1. Nigerians don't ever rest. Even after death, they still work as ancestors, collecting kolanuts,
white fowl and aromatic Schnapps.
2. In Hollywood, you feel people's pulse to know whether they're dead or alive. In Nollywood,
just pick the hand and drop it.
3. If You Marry A Girl That Can't Cook, Bros Your Case Dey "MR BIGGS"
4. When next you check your boyfriend's texts.
Ignore his chats with girls, and check the ones with
guys. That's where the truth is.
5. No matter how expensive your Wrist watch is, as long as it won't tell you Christ's Second coming, its as Useless as the "p"in Psycho
6. If you have attended over 100 weddings and you are still single. Sister, you are no longer different from a canopy.

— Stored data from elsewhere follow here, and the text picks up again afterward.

lemma continuous_on_atLeast_bounded_above:
  fixes g :: "real \<Rightarrow> real"
  assumes cont: "continuous_on {a..} g" and lim: "(g \<longlongrightarrow> l) at_top"
  shows "\<exists>K. \<forall>x\<ge>a. g x \<le> K"
proof -
  have "\<forall>\<^sub>F x in at_top. g x < l + 1"
    using lim by (rule order_tendstoD) simp
  then obtain N where N: "\<And>x. N \<le> x \<Longrightarrow> g x < l + 1"
    by (auto simp: eventually_at_top_linorder)
  have "continuous_on {a..max a N} g"
    by (rule continuous_on_subset[OF cont]) auto
  from continuous_attains_sup[OF compact_Icc _ this]
  obtain x0 where x0: "\<forall>y\<in>{a..max a N}. g y \<le> g x0"
    by auto
  have "g x \<le> max (l + 1) (g x0)" if "a \<le> x" for x
  proof (cases "x \<le> max a N")
    case True
    then show ?thesis
      using x0 that by (simp add: le_max_iff_disj)
  next
    case False
    then show ?thesis
      using N[of x] by (simp add: le_max_iff_disj)
  qed
  then show ?thesis
    by blast
qed

text \<open>Only values on \<open>[0, \<infinity>)\<close> matter, as \<open>iter_tail\<close> is \<open>1\<close> on the negative axis. All
  polynomial moments are required because each passage to the equilibrium tail uses up one.\<close>
definition pos_rapid_decay :: "(real \<Rightarrow> real) \<Rightarrow> bool" where
  "pos_rapid_decay T \<longleftrightarrow> continuous_on {0..} T \<and> (\<forall>x\<ge>0. 0 < T x)
     \<and> (\<forall>m::nat. \<exists>K. \<forall>x\<ge>0. (1 + x)^m * T x \<le> K)"

definition tail_integral :: "(real \<Rightarrow> real) \<Rightarrow> real \<Rightarrow> real" where
  "tail_integral T x = (LBINT t:{x..}. T t)"

definition equilibrium_tail :: "(real \<Rightarrow> real) \<Rightarrow> real \<Rightarrow> real" where
  "equilibrium_tail T x = tail_integral T x / tail_integral T 0"

lemma pos_rapid_decay_continuous_on: "pos_rapid_decay T \<Longrightarrow> continuous_on {0..} T"
  unfolding pos_rapid_decay_def by blast

lemma pos_rapid_decay_pos: "pos_rapid_decay T \<Longrightarrow> 0 \<le> x \<Longrightarrow> 0 < T x"
  unfolding pos_rapid_decay_def by blast

lemma pos_rapid_decay_cong:
  assumes "\<And>x. 0 \<le> x \<Longrightarrow> F x = T x"
  shows "pos_rapid_decay F \<longleftrightarrow> pos_rapid_decay T"
proof -
  have "continuous_on {0..} F = continuous_on {0..} T"
    by (rule continuous_on_cong) (simp_all add: assms)
  then show ?thesis
    unfolding pos_rapid_decay_def using assms by simp
qed

lemma pos_rapid_decay_eventually_le:
  assumes "pos_rapid_decay T" "0 < e"
  obtains y where "0 \<le> y" "T y \<le> e"
proof -
  obtain K where K: "\<And>x. 0 \<le> x \<Longrightarrow> (1 + x)^1 * T x \<le> K"
    using assms(1) unfolding pos_rapid_decay_def by blast
  define y where "y = max 0 (K / e)"
  have "K / e \<le> y" "0 \<le> y"
    by (simp_all add: y_def)
  then have y: "0 \<le> y" "K \<le> e * (1 + y)"
    using \<open>0 < e\<close> by (simp_all add: divide_le_eq algebra_simps)
  then have "(1 + y) * T y \<le> (1 + y) * e"
    using K[of y] by (simp add: algebra_simps)
  with y show thesis
    by (intro that[of y]) simp_all
qed

lemma set_integrable_moment:
  assumes "pos_rapid_decay T"
  shows "set_integrable lborel {0..} (\<lambda>t. (1 + t)^m * T t)"
proof -
  obtain K where K: "\<And>x. 0 \<le> x \<Longrightarrow> (1 + x)^(m + 2) * T x \<le> K"
    using assms unfolding pos_rapid_decay_def by blast
  show ?thesis
  proof (rule set_integrable_bound)
    show "set_integrable lborel {0..} (\<lambda>t. K * (1 / (1 + t)^2))"
      by (rule set_integrable_mult_right[OF set_integrable_inverse_square_atLeast_0])
    show "set_borel_measurable lborel {0..} (\<lambda>t. (1 + t)^m * T t)"
      unfolding set_borel_measurable_def measurable_lborel2
      by (rule borel_measurable_continuous_on_indicator)
        (auto intro!: continuous_intros pos_rapid_decay_continuous_on[OF assms])
    show "AE x in lborel. x \<in> {0..} \<longrightarrow> norm ((1 + x)^m * T x) \<le> norm (K * (1 / (1 + x)^2))"
    proof (rule AE_I2, rule impI)
      fix x :: real assume "x \<in> {0..}"
      then have x: "0 \<le> x" by simp
      have "(1 + x)^m * T x * (1 + x)^2 \<le> K"
        using K[OF x] unfolding power_add by (simp only: mult_ac)
      then have "(1 + x)^m * T x \<le> K / (1 + x)^2"
        using x by (simp add: field_simps)
      moreover have "K / (1 + x)^2 \<le> \<bar>K\<bar> / (1 + x)^2"
        by (simp add: divide_right_mono)
      ultimately show "norm ((1 + x)^m * T x) \<le> norm (K * (1 / (1 + x)^2))"
        using pos_rapid_decay_pos[OF assms x] x by simp
    qed
  qed
qed

lemma set_integrable_atLeast:
  assumes "pos_rapid_decay T" "0 \<le> x"
  shows "set_integrable lborel {x..} T"
  using set_integrable_subset[OF set_integrable_moment[OF assms(1), of 0]] assms(2) by simp

lemma tail_integral_split:
  assumes "pos_rapid_decay T" "0 \<le> x"
  shows "tail_integral T x = tail_integral T 0 - (LBINT t=ereal 0..ereal x. T t)"
proof -
  have "{0..} = {0..x} \<union> {x<..}"
    using assms(2) by auto
  moreover have "set_integrable lborel {0..x} T" "set_integrable lborel {x<..} T"
    using assms by (auto intro: set_integrable_subset[OF set_integrable_atLeast[of T 0]])
  moreover have "(LBINT t:{0..x} \<union> {x<..}. T t) = (LBINT t:{0..x}. T t) + (LBINT t:{x<..}. T t)"
    by (rule set_integral_Un) (auto intro: calculation)
  ultimately have "tail_integral T 0 = (LBINT t:{0..x}. T t) + (LBINT t:{x<..}. T t)"
    unfolding tail_integral_def by simp
  then show ?thesis
    using assms(2)
    by (simp add: tail_integral_def interval_integral_Icc set_integral_atLeast_eq_greaterThan)
qed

7. You don't have to be in UK to be OK, Help comes from Above not Abroad.
8.Ladies are wicked. They will lay on your chest and ask, "Honey have you ever cheated on me?" ...then wait for your heart to beat fast.
9. A cockroach is afraid of a rat, a rat is afraid of a cat, cat is afraid of a dog, a dog is afraid of a man,
a man is afraid of his girlfriend, a girlfriend is afraid of a cockroach. LoL! Quit funny!

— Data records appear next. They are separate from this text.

lemma partial_isometry_extending_isometry:
  fixes R S :: "'h::complex_hilbert \<Rightarrow> 'e::complex_hilbert"
  assumes R: "bounded_linear R" and S: "bounded_linear S"
    and iunit_R: "\<And>x. R (iunit x) = iunit (R x)" and iunit_S: "\<And>x. S (iunit x) = iunit (S x)"
    and norm_eq: "\<And>h. norm (R h) = norm (S h)"
  shows "\<exists>U U'. bop U \<and> bop U' \<and> (\<forall>x y. inner (U x) y = inner x (U' y))
    \<and> (\<forall>x. U (U' (U x)) = U x) \<and> (\<forall>h. U (R h) = S h) \<and> (\<forall>h. U' (U (R h)) = R h)"
proof -
  define M where "M = closure (range R)"
  obtain g where g: "continuous_on M g" and gR: "\<And>h. g (R h) = S h"
    and g_add: "\<And>x y. x \<in> M \<Longrightarrow> y \<in> M \<Longrightarrow> g (x + y) = g x + g y"
    and g_scale: "\<And>x r. x \<in> M \<Longrightarrow> g (scaleR r x) = scaleR r (g x)"
    and g_norm: "\<And>x. x \<in> M \<Longrightarrow> norm (g x) = norm x"
    using isometry_extends_to_closure[OF bounded_linear.linear[OF R] bounded_linear.linear[OF S] norm_eq]
    unfolding M_def by blast
  interpret M: closed_linear_subspace M
    unfolding M_def
    by unfold_locales
      (simp_all add: subspace_closure linear_subspace_image[OF bounded_linear.linear[OF R]])
  have iunit_range: "iunit a \<in> range R" if "a \<in> range R" for a
    using that by (auto simp: iunit_R[symmetric])
  have iunit_M: "iunit x \<in> M" if "x \<in> M" for x
    using iunit_in_closure[OF iunit_range that[unfolded M_def]] by (simp add: M_def)
  have "g (iunit a) = iunit (g a)" if "a \<in> range R" for a
    using that by (auto simp: gR iunit_R[symmetric] iunit_S)
  then have g_iunit: "g (iunit x) = iunit (g x)" if "x \<in> M" for x
    using iunit_commute_on_closure[OF g[unfolded M_def] iunit_range _ that[unfolded M_def]] by blast
  have g_inner: "inner (g x) (g y) = inner x y" if "x \<in> M" "y \<in> M" for x y
    using g_norm[OF that(1)] g_norm[OF that(2)] g_norm[OF subspace_add[OF M.subspace that]]
      g_add[OF that]
    unfolding norm_eq_sqrt_inner by (simp add: inner_add_left inner_add_right inner_commute)
  define U where "U x = g (proj M x)" for x
  have "bounded_linear U"
    by (rule bounded_linear_intro[where K=1])
      (simp_all add: U_def M.proj_add M.proj_scaleR g_add g_scale g_norm M.proj_in M.norm_proj_le)
  then have "bop U"
    by (simp add: bop_def U_def proj_iunit[OF M.closed_linear_subspace_axioms iunit_M] g_iunit M.proj_in)
  then obtain U' where "bop U'" and adj: "\<And>x y. inner (U x) y = inner x (U' y)"
    using bop_adjoint_exists by blast
  have U'U: "U' (U x) = proj M x" for x
  proof -
    have "inner y (U' (U x)) = inner y (proj M x)" for y
      using M.inner_proj_proj[of y x] M.inner_proj_proj[of x y]
      by (simp add: adj[symmetric] U_def g_inner M.proj_in inner_commute)
    then show ?thesis using vector_eq_ldot by blast
  qed
  have RM: "R h \<in> M" for h unfolding M_def by (rule closure_subset[THEN subsetD]) simp
  have "U (U' (U x)) = U x" for x unfolding U'U by (simp add: U_def M.proj_proj)
  moreover have "U (R h) = S h" for h by (simp add: U_def M.proj_id[OF RM] gR)
  moreover have "U' (U (R h)) = R h" for h by (simp add: U'U M.proj_id[OF RM])
  ultimately show ?thesis using \<open>bop U\<close> \<open>bop U'\<close> adj by blast
qed

lemma unitary_extending_isometry:
  fixes R S :: "'h::complex_hilbert \<Rightarrow> 'e::complex_hilbert"
  assumes "bounded_linear R" and "bounded_linear S"
    and "\<And>x. R (iunit x) = iunit (R x)" and "\<And>x. S (iunit x) = iunit (S x)"
    and "\<And>h. norm (R h) = norm (S h)"
  shows "\<exists>G G'. bop G \<and> bop G' \<and> (\<forall>x y. inner (G x) y = inner x (G' y))
    \<and> (\<forall>x. G (G' x) = x) \<and> (\<forall>x. G' (G x) = x) \<and> (\<forall>h. G (R h, 0::'e) = (S h, 0::'e))"
proof -
  obtain U U' where U: "bop U" and U': "bop U'" and adj: "\<And>x y. inner (U x) y = inner x (U' y)"
    and partial: "\<And>x. U (U' (U x)) = U x" and UR: "\<And>h. U (R h) = S h"
    and U'UR: "\<And>h. U' (U (R h)) = R h"
    using partial_isometry_extending_isometry[OF assms] by metis
  have lin: "linear U" "linear U'" using U U' by (simp_all add: bop_def bounded_linear.linear)
  have partial': "U' (U (U' x)) = U' x" for x by (rule partial_isometry_adjoint[OF adj partial])
  have "bop (halmos_dilation U U')" "bop (halmos_dilation U' U)"
    using U U' by (simp_all add: bop_halmos_dilation)
  moreover have "inner (halmos_dilation U U' x) y = inner x (halmos_dilation U' U y)" for x y
    by (rule halmos_dilation_adjoint[OF lin adj])
  moreover have "halmos_dilation U U' (halmos_dilation U' U x) = x" for x
    using lin partial partial' by (rule halmos_dilation_inverse)
  moreover have "halmos_dilation U' U (halmos_dilation U U' x) = x" for x
    using lin partial partial' by (intro halmos_dilation_inverse)
  moreover have "halmos_dilation U U' (R h, 0::'e) = (S h, 0::'e)" for h
    using lin U'UR[of h] by (simp add: halmos_dilation_def UR linear_0)
  ultimately show ?thesis
    by (intro exI[of _ "halmos_dilation U U'"] exI[of _ "halmos_dilation U' U"]) simp
qed

section \<open>The Hilbert space \<open>\<ell>\<^sup>2(\<nat>, H)\<close> and operators acting on blocks\<close>

lemma l2add_in_l2: "x \<in> l2 \<Longrightarrow> y \<in> l2 \<Longrightarrow> l2add x y \<in> l2"
proof -
  assume "x \<in> l2" "y \<in> l2"
  then have "summable (\<lambda>n. 2 * (norm (x n))\<^sup>2 + 2 * (norm (y n))\<^sup>2)"
    by (intro summable_add summable_mult) (simp_all add: l2_def)
  moreover have "(norm (x n + y n))\<^sup>2 \<le> 2 * (norm (x n))\<^sup>2 + 2 * (norm (y n))\<^sup>2" for n
    using parallelogram_law[of "x n" "y n"] zero_le_power2[of "norm (x n - y n)"] by linarith
  ultimately show "l2add x y \<in> l2"
    unfolding l2_def l2add_def by (auto intro: summable_comparison_test')
qed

10. LAST SEEN: Whatsapp- 1Min ago •BBM -5Mins ago • Twitter- 2Mins ago • BIBLE -2002. My
dear, the Devil has soaked your cane in kerosene
11. BBM and Whatsapp have been rated as the 2nd and 3rd app for chats and gossip, but Women
still retain the 1st position
12. Wedding ring is the smallest handcuff ever made. So think deep, choose ur prison mate
carefully & sentence urself wisely to avoid Prison break
13. To those who commit suicide; why are you so selfish? Why kill yourself when so many people
are looking for who to use for money rituals?
14. As a matter of fact, there's no female angel in the Bible. So if any guy calls you an angel, na wash ooooo.